Peptides, Matrixyl and More

Peptides have been around for over a decade now and have lost much of their “wow” factor in the media but with the consistency of a reliable old friend, these amino acids continue to quietly provide anti-aging benefits in a myriad of products.  Like the more buzz-worthy retinoids, peptides work as cell-communicators to encourage skin to repair itself.  Peptides also work to stimulate collagen production, improve elasticity and attract moisture to the skin–no small potatoes in the skin care world.

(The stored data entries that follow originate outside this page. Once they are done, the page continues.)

lemma convex_on_series_fst: "convex_on UNIV (\<lambda>x. series (x, y))"
proof -
  have "convex_on UNIV (\<lambda>x. block_term n x y)" for n
  proof -
    have "linear (\<lambda>x::real. x / D n)"
      by (simp add: linear_iff add_divide_distrib)
    then have "convex_on UNIV (\<lambda>x. block (x / D n) (y / D n))"
      by (rule convex_on_compose_linear [OF convex_on_block, of _ "y / D n"])
    then show ?thesis
      unfolding block_term_def using scale_pos[of n] weight_nonneg[of n]
      by (intro convex_on_cmul) simp_all
  qed
  then show ?thesis
    unfolding series_def using summable_block_term by (intro convex_on_suminf) simp_all
qed

lemma sep_convex_on_series: "sep_convex_on U series"
  using convex_on_series_fst by (intro sep_convex_on_if_convex_slices) (simp_all add: series_commute)

lemma block_term_diag: "block_term n t t = t * trace_term n t"
proof -
  define X where "X = (D n)\<^sup>2 + t\<^sup>2"
  have "0 < D n" "0 < X"
    using scale_pos[of n] by (simp_all add: X_def add_pos_nonneg)
  then have "8 * (1 + (t / D n)\<^sup>2) = 8 * X / (D n)\<^sup>2"
    by (simp add: X_def field_simps)
  then have "block (t / D n) (t / D n) = - (t ^ 3 / (D n) ^ 3) / (8 * X / (D n)\<^sup>2)"
    by (simp add: block_diag power_divide)
  also have "\<dots> = - (t ^ 3) / (D n * (8 * X))"
    using \<open>0 < D n\<close> \<open>0 < X\<close> by (simp add: field_simps power2_eq_square power3_eq_cube)
  finally have "block_term n t t = c n * D n * (- (t ^ 3) / (D n * (8 * X)))"
    by (simp add: block_term_def)
  also have "\<dots> = t * trace_term n t"
    unfolding trace_term_def X_def [symmetric]
    using \<open>0 < D n\<close> \<open>0 < X\<close> by (simp add: field_simps power2_eq_square power3_eq_cube)
  finally show ?thesis .
qed

lemma trace_term_nonpos: "trace_term n t \<le> 0"
  using weight_nonneg[of n] scale_pos[of n]
  by (simp add: trace_term_def divide_nonpos_pos add_pos_nonneg)

lemma abs_trace_term_le: "\<bar>trace_term n t\<bar> \<le> c n / 8"
proof -
  define X where "X = (D n)\<^sup>2 + t\<^sup>2"
  have "t\<^sup>2 / X \<le> 1"
    using scale_pos[of n] by (simp add: X_def add_pos_nonneg)
  then have "c n * (t\<^sup>2 / X) \<le> c n * 1"
    using weight_nonneg[of n] by (intro mult_left_mono)
  moreover have "0 \<le> c n * (t\<^sup>2 / X)"
    using weight_nonneg[of n] by (simp add: X_def)
  moreover have "trace_term n t = - (c n * (t\<^sup>2 / X)) / 8"
    by (simp add: trace_term_def X_def)
  ultimately show ?thesis
    by simp
qed

lemma summable_trace_term: "summable (\<lambda>n. trace_term n t)"
  by (rule summable_comparison_test' [where g = "\<lambda>n. c n / 8" and N = 0])
    (use abs_trace_term_le summable_divide [OF summable_weight] in auto)

lemma series_diag: "series (t, t) = t * (\<Sum>n. trace_term n t)"
  using suminf_mult [OF summable_trace_term, of t] by (simp add: series_def block_term_diag)

lemma series_diag_odd: "series (- t, - t) = - series (t, t)"
  by (simp add: series_diag trace_term_def)

lemma continuous_on_suminf_trace_term: "continuous_on UNIV (\<lambda>t. \<Sum>n. trace_term n t)"
proof (rule uniform_limit_theorem)
  show "uniform_limit UNIV (\<lambda>n t. \<Sum>i<n. trace_term i t) (\<lambda>t. \<Sum>n. trace_term n t) sequentially"
    by (rule Weierstrass_m_test [where M = "\<lambda>n. c n / 8"])
      (use abs_trace_term_le summable_divide [OF summable_weight] in auto)
  have "continuous_on UNIV (trace_term i)" for i
    unfolding trace_term_def [abs_def] using scale_pos [of i]
    by (intro continuous_intros) (auto simp: add_nonneg_eq_0_iff)
  then show "\<forall>\<^sub>F n in sequentially. continuous_on UNIV (\<lambda>t. \<Sum>i<n. trace_term i t)"
    by (intro always_eventually allI continuous_on_sum) blast
qed simp

lemma has_real_derivative_series_diag: "((\<lambda>t. series (t, t)) has_real_derivative 0) (at 0)"
  unfolding DERIV_caratheodory_within
proof (intro exI conjI allI)
  show "series (z, z) - series (0, 0) = (\<Sum>n. trace_term n z) * (z - 0)" for z
    by (simp add: series_diag)
  show "continuous (at 0 within UNIV) (\<lambda>t. \<Sum>n. trace_term n t)"
    using continuous_on_suminf_trace_term by (simp add: continuous_on_eq_continuous_at)
  show "(\<Sum>n. trace_term n 0) = 0"
    by (simp add: trace_term_def)
qed
(* Let $s,t,p\ge 1$, $A,B\in GL(n)$ and $Q\in\mathcal{P}(n)$ with $k=\lambda_1(Q)>1$. Put $\tilde k=\lambda_n(Q)$, $q=\min\{t/s,p/s\}$ and $\tilde q=\max\{t/s,p/s\}$. If $$\|A\|^2+\|B\|^2<\frac{q^{\tilde q}\,\tilde k^{\tilde q+1}}{k^{\tilde q}(q+1)^{\tilde q+1}},$$ then the equation $X^s+A^*X^{-t}A+B^*X^{-p}B=Q$ has a Hermitian positive definite solution in $\big[\big(\tfrac{q\tilde k}{k(q+1)}\big)^{1/s}I,\;Q^{1/s}\big]$.
   Context: $GL(n)$: $n\times n$ complex nonsingular matrices; $\mathcal{P}(n)$: $n\times n$ Hermitian positive definite matrices. For Hermitian $M$, $\lambda_1(M)$ and $\lambda_n(M)$ are its largest and smallest eigenvalues. $\|\cdot\|$ is the spectral norm. For Hermitian $P,R$, $P\le R$ means $R-P$ is positive semidefinite, and $[P,R]=\{X \text{ Hermitian}: P\le X\le R\}$. Real powers of positive definite matrices are defined by functional calculus. *)

theory Defs
  imports "HOL-Analysis.Analysis"
begin

definition adj :: "complex^'n^'m \<Rightarrow> complex^'m^'n" where
  "adj A = (\<chi> i j. cnj (A $ j $ i))"

definition hermitian :: "complex^'n^'n \<Rightarrow> bool" where
  "hermitian M \<longleftrightarrow> adj M = M"

definition qform :: "complex^'n^'n \<Rightarrow> complex^'n \<Rightarrow> complex" where
  "qform M x = (\<Sum>i\<in>UNIV. cnj (x $ i) * (M *v x) $ i)"

definition pos_def :: "complex^'n^'n \<Rightarrow> bool" where
  "pos_def M \<longleftrightarrow> hermitian M \<and> (\<forall>x. x \<noteq> 0 \<longrightarrow> Re (qform M x) > 0)"

definition pos_semidef :: "complex^'n^'n \<Rightarrow> bool" where
  "pos_semidef M \<longleftrightarrow> hermitian M \<and> (\<forall>x. Re (qform M x) \<ge> 0)"

definition loewner_le :: "complex^'n^'n \<Rightarrow> complex^'n^'n \<Rightarrow> bool" where
  "loewner_le P R \<longleftrightarrow> pos_semidef (R - P)"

Some of the more well-known peptides used extensively in anti-aging formulations are Matrixyl and its newer cousins, Matrixyl 3000 and Matrixyl Synthe’6. Although they have the name in common, each one has its own strengths:

Matrixyl: the “classic” or “original” Matrixyl peptide is known as Palmitoyl Pentapetide 3 (later renamed Palmitoyl Pentapeptide 4 to reflect more accurately its molecular structure). It is made up of 5 amino acids linked to a fatty acid to increase its penetration into the skin. Matrixyl’s main use in skin care preparations is as an alternative to retinoids in wrinkle treatments as Matrixyl tends to be better tolerated with less chance of irritation. Until recently, the only clinical research available on Matrixyl’s efficacy was carried out by the manufacturers, Sederma. However, over a decade after its introduction to the skin care world, a 2013 independent study by the University of Reading in England found that Matrixyl can almost double the skin’s collagen production provided the concentration is high enough.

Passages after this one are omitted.